NO WRITER ATTRIBUTED

Writers for college papers, like too many other writers, often go to work without in the least considering what they can do successfully. Few have minds filled for all kinds of composition. Yet unhappily most of us never seem fully to realize that we cannot make valuable contributions to every department of literature. We feel that whatever man has done, we can do, forgetting that we are not yet full grown men. We incline to the mistaken view that all the critical reviews, essays, stories, plays, poems, and what not, we write, must be worth printing. To be sure, it may be very good training to attempt a poem which proves to be anything but poetry; but to publish such a failure is foolish.

Let it be granted, then, to start with, that a man has a fair knowledge of the more mechanical side of writing, the question for him to settle is in what direction he shall turn his skill. If men carefully thought over this problem, the standard of work in our papers could be much raised.

As has often been said, the first essential for success is sincerity. By sincere writing I mean that into which you have put part of yourself. Like most short definitions, this one means both too much and too little. But when applied to particular cases, it will be limited, or stretched.
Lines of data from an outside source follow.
(* There is a positive existential formula $CO(x)$ in the language $\{0,1,+,\mid,R,T\}$ such that for every prime $p$ and every $n\in\mathbb{Z}$, $\mathfrak{D}_p\models CO(n)$ if and only if $p\nmid n$. That is, the collection of sets $CO_p=\{n\in\mathbb{Z}: p\nmid n\}$ is uniformly positive existentially definable in $\mathcal{D}=\{\mathfrak{D}_p: p \text{ prime}\}$.
   Context: For a prime $p$, $x\mid_p y$ means $y=\pm xp^s$ for some $s\in\mathbb{Z}$. $\mathfrak{D}_p=(\mathbb{Z};0,1,+,\mid,\mid_p,\mathbb{Z}\smallsetminus\{-1,0,1\})$, where $\mid$ is ordinary divisibility, $R$ is interpreted as $\mid_p$, and the unary predicate $T$ as the set $\mathbb{Z}\smallsetminus\{-1,0,1\}$. *)

theory Defs
  imports "HOL-Computational_Algebra.Primes"
begin

datatype tm = Var nat | Zero | One | Plus tm tm

datatype pefm =
    Eq tm tm
  | Dvd tm tm
  | Rel tm tm
  | Tp tm
  | Conj pefm pefm
  | Disj pefm pefm
  | Ex nat pefm

fun tval :: "(nat \<Rightarrow> int) \<Rightarrow> tm \<Rightarrow> int" where
  "tval e (Var i) = e i"
| "tval e Zero = 0"
| "tval e One = 1"
| "tval e (Plus s t) = tval e s + tval e t"

fun tvars :: "tm \<Rightarrow> nat set" where
  "tvars (Var i) = {i}"
| "tvars Zero = {}"
| "tvars One = {}"
| "tvars (Plus s t) = tvars s \<union> tvars t"

fun fvars :: "pefm \<Rightarrow> nat set" where
  "fvars (Eq s t) = tvars s \<union> tvars t"
| "fvars (Dvd s t) = tvars s \<union> tvars t"
| "fvars (Rel s t) = tvars s \<union> tvars t"
| "fvars (Tp t) = tvars t"
| "fvars (Conj f g) = fvars f \<union> fvars g"
| "fvars (Disj f g) = fvars f \<union> fvars g"
| "fvars (Ex i f) = fvars f - {i}"

text \<open>x |_p y iff y = \<plusminus> x p^s for some integer s.\<close>
definition pdiv :: "nat \<Rightarrow> int \<Rightarrow> int \<Rightarrow> bool" where
  "pdiv p x y \<longleftrightarrow> (\<exists>s::int. \<exists>\<epsilon>\<in>{1,-1::int}.
      (if s \<ge> 0 then y = \<epsilon> * x * int p ^ nat s else y * int p ^ nat (-s) = \<epsilon> * x))"

text \<open>Satisfaction in the structure D_p = (Z; 0,1,+,|,|_p, Z - {-1,0,1}).\<close>
fun sat :: "nat \<Rightarrow> (nat \<Rightarrow> int) \<Rightarrow> pefm \<Rightarrow> bool" where
  "sat p e (Eq s t) = (tval e s = tval e t)"
| "sat p e (Dvd s t) = (tval e s dvd tval e t)"
| "sat p e (Rel s t) = pdiv p (tval e s) (tval e t)"
| "sat p e (Tp t) = (tval e t \<notin> {-1, 0, 1})"
| "sat p e (Conj f g) = (sat p e f \<and> sat p e g)"
| "sat p e (Disj f g) = (sat p e f \<or> sat p e g)"
| "sat p e (Ex i f) = (\<exists>a. sat p (e(i := a)) f)"

end

theory Submission
  imports Defs "HOL-Number_Theory.Residues"
begin

text \<open>Take \<open>CO(n)\<close> to say that some \<open>x\<close> with \<open>1 |\<^sub>p x\<close> and \<open>x \<notin> {-1,0,1}\<close>
  satisfies \<open>n | x - 1\<close>. Such \<open>x\<close> are exactly \<open>\<plusminus>p^k\<close> with \<open>k > 0\<close>, so \<open>p | x\<close> and
  \<open>p\<close> cannot divide \<open>n\<close>. Conversely, if \<open>p\<close> does not divide \<open>n\<close>, Euler's theorem gives
  \<open>n | p^\<phi>(|n|) - 1\<close>.\<close>

lemma pdiv_one_iff: "pdiv p 1 x \<longleftrightarrow> (\<exists>k. x = int p ^ k \<or> x = - (int p ^ k))"
proof
  assume "pdiv p 1 x"
  then obtain s and \<epsilon> :: int where \<epsilon>: "\<epsilon> \<in> {1, -1}" and
    x: "if s \<ge> 0 then x = \<epsilon> * 1 * int p ^ nat s else x * int p ^ nat (-s) = \<epsilon> * 1"
    unfolding pdiv_def by blast
  show "\<exists>k. x = int p ^ k \<or> x = - (int p ^ k)"
  proof (cases "s \<ge> 0")
    case True
    then show ?thesis using x \<epsilon> by auto
  next
    case False
    then have "x * int p ^ nat (-s) = \<epsilon>" using x by simp
    then have "int p ^ nat (-s) dvd \<epsilon>" by (metis dvd_triv_right)
    moreover have "is_unit \<epsilon>" using \<epsilon> by auto
    ultimately have "is_unit (int p ^ nat (-s))" by (rule dvd_unit_imp_unit)
    then have "int p ^ nat (-s) = 1" by simp
    then have "p ^ nat (-s) = 1" by (metis of_nat_1 of_nat_eq_iff of_nat_power)
    then have "p = 1" using False by (simp add: power_eq_1_iff)
    then show ?thesis using x \<epsilon> False by auto
  qed
next
  assume "\<exists>k. x = int p ^ k \<or> x = - (int p ^ k)"
  then obtain k where "x = int p ^ k \<or> x = - (int p ^ k)" by blast
  then show "pdiv p 1 x"
    unfolding pdiv_def by (intro exI[of _ "int k"]) auto
qed

lemma pdiv_one_nontrivial_imp_dvd:
  assumes "pdiv p 1 x" and "x \<notin> {-1, 0, 1}"
  shows "int p dvd x"
proof -
  obtain k where k: "x = int p ^ k \<or> x = - (int p ^ k)"
    using assms(1) pdiv_one_iff by blast
  with assms(2) have "k \<noteq> 0" by (cases "k = 0") auto
  with k show ?thesis by (auto simp: dvd_power)
qed

lemma coprime_imp_dvd_power_minus_one:
  fixes a :: nat and n :: int
  assumes "coprime (int a) n" and "n \<noteq> 0"
  shows "\<exists>k>0. n dvd int a ^ k - 1"
proof -
  define m where "m = nat \<bar>n\<bar>"
  have "coprime a m"
    using assms(1) unfolding m_def
    by (metis coprime_abs_right_iff coprime_int_iff int_nat_eq abs_ge_zero)
  then have "[a ^ totient m = 1] (mod m)" by (rule euler_theorem)
  then have "[int a ^ totient m = 1] (mod int m)"
    by (metis cong_int_iff of_nat_1 of_nat_power)
  then have "n dvd int a ^ totient m - 1"
    unfolding m_def by (simp add: cong_iff_dvd_diff)
  moreover have "totient m > 0" using assms(2) m_def by simp
  ultimately show ?thesis by blast
qed

lemma prime_not_dvd_iff_dvd_pdiv_one_minus_one:
  assumes "prime p"
  shows "\<not> int p dvd n \<longleftrightarrow> (\<exists>x. pdiv p 1 x \<and> x \<notin> {-1, 0, 1} \<and> n dvd x - 1)"
proof
  assume "\<not> int p dvd n"
  moreover have "prime (int p)" using assms by simp
  ultimately have "coprime (int p) n" "n \<noteq> 0" by (auto simp: prime_imp_coprime)
  then obtain k where k: "k > 0" "n dvd int p ^ k - 1"
    using coprime_imp_dvd_power_minus_one by blast
  have "int p \<ge> 2" using prime_ge_2_nat[OF assms] by simp
  moreover have "int p ^ k \<ge> int p" using self_le_power[of "int p" k] k(1) \<open>int p \<ge> 2\<close> by simp
  ultimately have "int p ^ k \<ge> 2" by linarith
  then have "int p ^ k \<notin> {-1, 0, 1}" by (smt (verit) insert_iff singletonD)
  then show "\<exists>x. pdiv p 1 x \<and> x \<notin> {-1, 0, 1} \<and> n dvd x - 1"
    using k(2) pdiv_one_iff by blast
next
  assume "\<exists>x. pdiv p 1 x \<and> x \<notin> {-1, 0, 1} \<and> n dvd x - 1"
  then obtain x where x: "int p dvd x" "n dvd x - 1"
    using pdiv_one_nontrivial_imp_dvd by blast
  show "\<not> int p dvd n"
  proof
    assume "int p dvd n"
    then have "int p dvd x - 1" using x(2) by (rule dvd_trans)
    then have "int p dvd 1" using dvd_diff[OF x(1)] by fastforce
    then show False using assms by simp
  qed
qed

theorem lemma4p10:
  shows "\<exists>CO :: pefm. fvars CO \<subseteq> {0} \<and>
     (\<forall>p::nat. prime p \<longrightarrow> (\<forall>n::int. sat p (\<lambda>_. n) CO \<longleftrightarrow> \<not> int p dvd n))"
proof (intro exI conjI allI impI)
  let ?CO = "Ex 1 (Ex 2 (Conj (Conj (Rel One (Var 1)) (Tp (Var 1)))
               (Conj (Eq (Plus (Var 2) One) (Var 1)) (Dvd (Var 0) (Var 2)))))"
  show "fvars ?CO \<subseteq> {0}" by auto
  fix p :: nat and n :: int
  assume "prime p"
  have "sat p (\<lambda>_. n) ?CO \<longleftrightarrow> (\<exists>x y. pdiv p 1 x \<and> x \<notin> {-1, 0, 1} \<and> y + 1 = x \<and> n dvd y)"
    by simp
  also have "\<dots> \<longleftrightarrow> (\<exists>x. pdiv p 1 x \<and> x \<notin> {-1, 0, 1} \<and> n dvd x - 1)"
    by (metis add_diff_cancel_right' diff_add_cancel)
  also have "\<dots> \<longleftrightarrow> \<not> int p dvd n"
    using prime_not_dvd_iff_dvd_pdiv_one_minus_one[OF \<open>prime p\<close>] by simp
  finally show "sat p (\<lambda>_. n) ?CO \<longleftrightarrow> \<not> int p dvd n" .
qed

end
The kind of composition which we slight most, is that in which a number of related facts are gathered, and put into intelligible form. It is commonly said that the man who does this sort of work in an historical essay, or biographical sketch, shows neither thought nor originality. Yet such a statement is far from true. For it is no light matter to take a given number of facts about an affair of ordinary interest and so arrange them as to hold the attention of a reader. In one way, such is the task of an artist in making colors into a picture. The writer must see what is to be in the foreground, and what in the background, how his state-statements are to be grouped to show his meaning most forcibly. In short, he must have each part subordinate to the expression of the meaning of the whole. He must not only be able to see facts apart, but to perceive with equal chearness their relations to each other and to the whole. If he fails to understand all their relations plainly, his performance will be confused and uninteresting.

To beginners, then, writing on historical or similar topics is excellent practice. Doubtless in every year Harvard produces much fairly readable stuff of this kind. In these compositions the author has put enough thought to make the grouping of facts, which are not his own, still so much the expression of his mind, that the essay is sincere and of worth. Yet of such work we see too little in the college papers.
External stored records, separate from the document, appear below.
(* Suppose $F$ satisfies Assumption A1, $F\in MDA(\Lambda)$, Assumption A3, and $x_F=\infty$; let $u=\bar F/f$. For a threshold $a$ set $\beta=\bar F(a)$, $\eta=f(a)$, $\nu=-f'(a)$, and let $z^*(a,b)$ be the optimal value of $$\sup_g\int_b^\infty g(x)dx\ \text{ s.t. }\int_a^\infty g=\beta,\ g(a)=g(a+)=\eta,\ g'_+(a)\ge-\nu,\ g\text{ convex and }\ge0\text{ on }[a,\infty).$$ Fix $x\ge0$ and let $b=a+xu(a)$. Then $$\lim_{a\to\infty}\frac{z^*(a,b)}{\bar F(b)}=\begin{cases}\frac12e^x&\text{if }x\ge1,\\ \left(1-x+\frac12x^2\right)e^x&\text{if }x<1.\end{cases}$$
   Context: $X$ is a continuous random variable with distribution function $F$, density $f$, $\bar F=1-F$, right endpoint $x_F=\sup\{x:F(x)<1\}$. $\Lambda(x)=\exp\{-e^{-x}\}$. $F\in MDA(\Lambda)$ means there exist $c_n>0$, $d_n$ with $c_n^{-1}(M_n-d_n)$ converging in distribution to $\Lambda$, $M_n$ the maximum of $n$ i.i.d. copies of $X$. Assumption A1: there exists $z<x_F$ such that on $(z,x_F)$, $F$ is twice differentiable and $f$ is positive, decreasing and convex. Assumption A3: $\lim_{x\uparrow x_F}\bar F(x)f'(x)/f(x)^2=-1$. $g(a+)$ is the right limit and $g'_+$ the right derivative. *)

theory Defs
  imports "HOL-Analysis.Analysis"
begin

definition Gumbel :: "real \<Rightarrow> real" where
  "Gumbel x = exp (- exp (- x))"

text \<open>Max-domain of attraction of the Gumbel law: there are normalising sequences
  c n > 0 and d n such that (M_n - d_n)/c_n converges in distribution to Gumbel.
  Since P(M_n \<le> y) = F(y)^n and Gumbel is continuous everywhere, this is pointwise
  convergence of F(c_n x + d_n)^n to Gumbel x for every real x.\<close>
definition MDA_Gumbel :: "(real \<Rightarrow> real) \<Rightarrow> bool" where
  "MDA_Gumbel F \<longleftrightarrow> (\<exists>c d :: nat \<Rightarrow> real. (\<forall>n. c n > 0) \<and>
      (\<forall>x. (\<lambda>n. F (c n * x + d n) ^ n) \<longlonglongrightarrow> Gumbel x))"

definition feasible :: "real \<Rightarrow> real \<Rightarrow> real \<Rightarrow> real \<Rightarrow> (real \<Rightarrow> real) set" where
  "feasible a beta eta nu = {g.
      (g has_integral beta) {a..} \<and>
      g a = eta \<and> (g \<longlongrightarrow> eta) (at_right a) \<and>
      (\<exists>D. (g has_real_derivative D) (at_right a) \<and> D \<ge> - nu) \<and>
      convex_on {a..} g \<and> (\<forall>y\<ge>a. g y \<ge> 0)}"

definition zstar :: "(real \<Rightarrow> real) \<Rightarrow> (real \<Rightarrow> real) \<Rightarrow> (real \<Rightarrow> real) \<Rightarrow> real \<Rightarrow> real \<Rightarrow> ereal" where
  "zstar F f f' a b =
     (SUP g \<in> feasible a (1 - F a) (f a) (- f' a). ereal (integral {b..} g))"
In critical essays, reviews, etc., a man draws his own conclusions from given data. Of course it is useful to us to form judgments, but our judgments are of small value to the public, - of less value than the simple facts upon which they are equally able to pass criticism. The opinions set forth in a review may be most sincere, yet if the writer has poor knowledge of his subject, a sincere opinion is of slight worth. But second-hand views are still more worthless. You bolt an idea whole; and without assimilating it, try to make believe that it is your own.

As we have too little skillful compilation and arrangement of facts, so we have too much crude, or borrowed literary criticism. College editors have too great faith in the opinions of themselves and of their friends. They should not so readily allow the publication of their own and others' immature and uninteresting remarks upon things, books and men.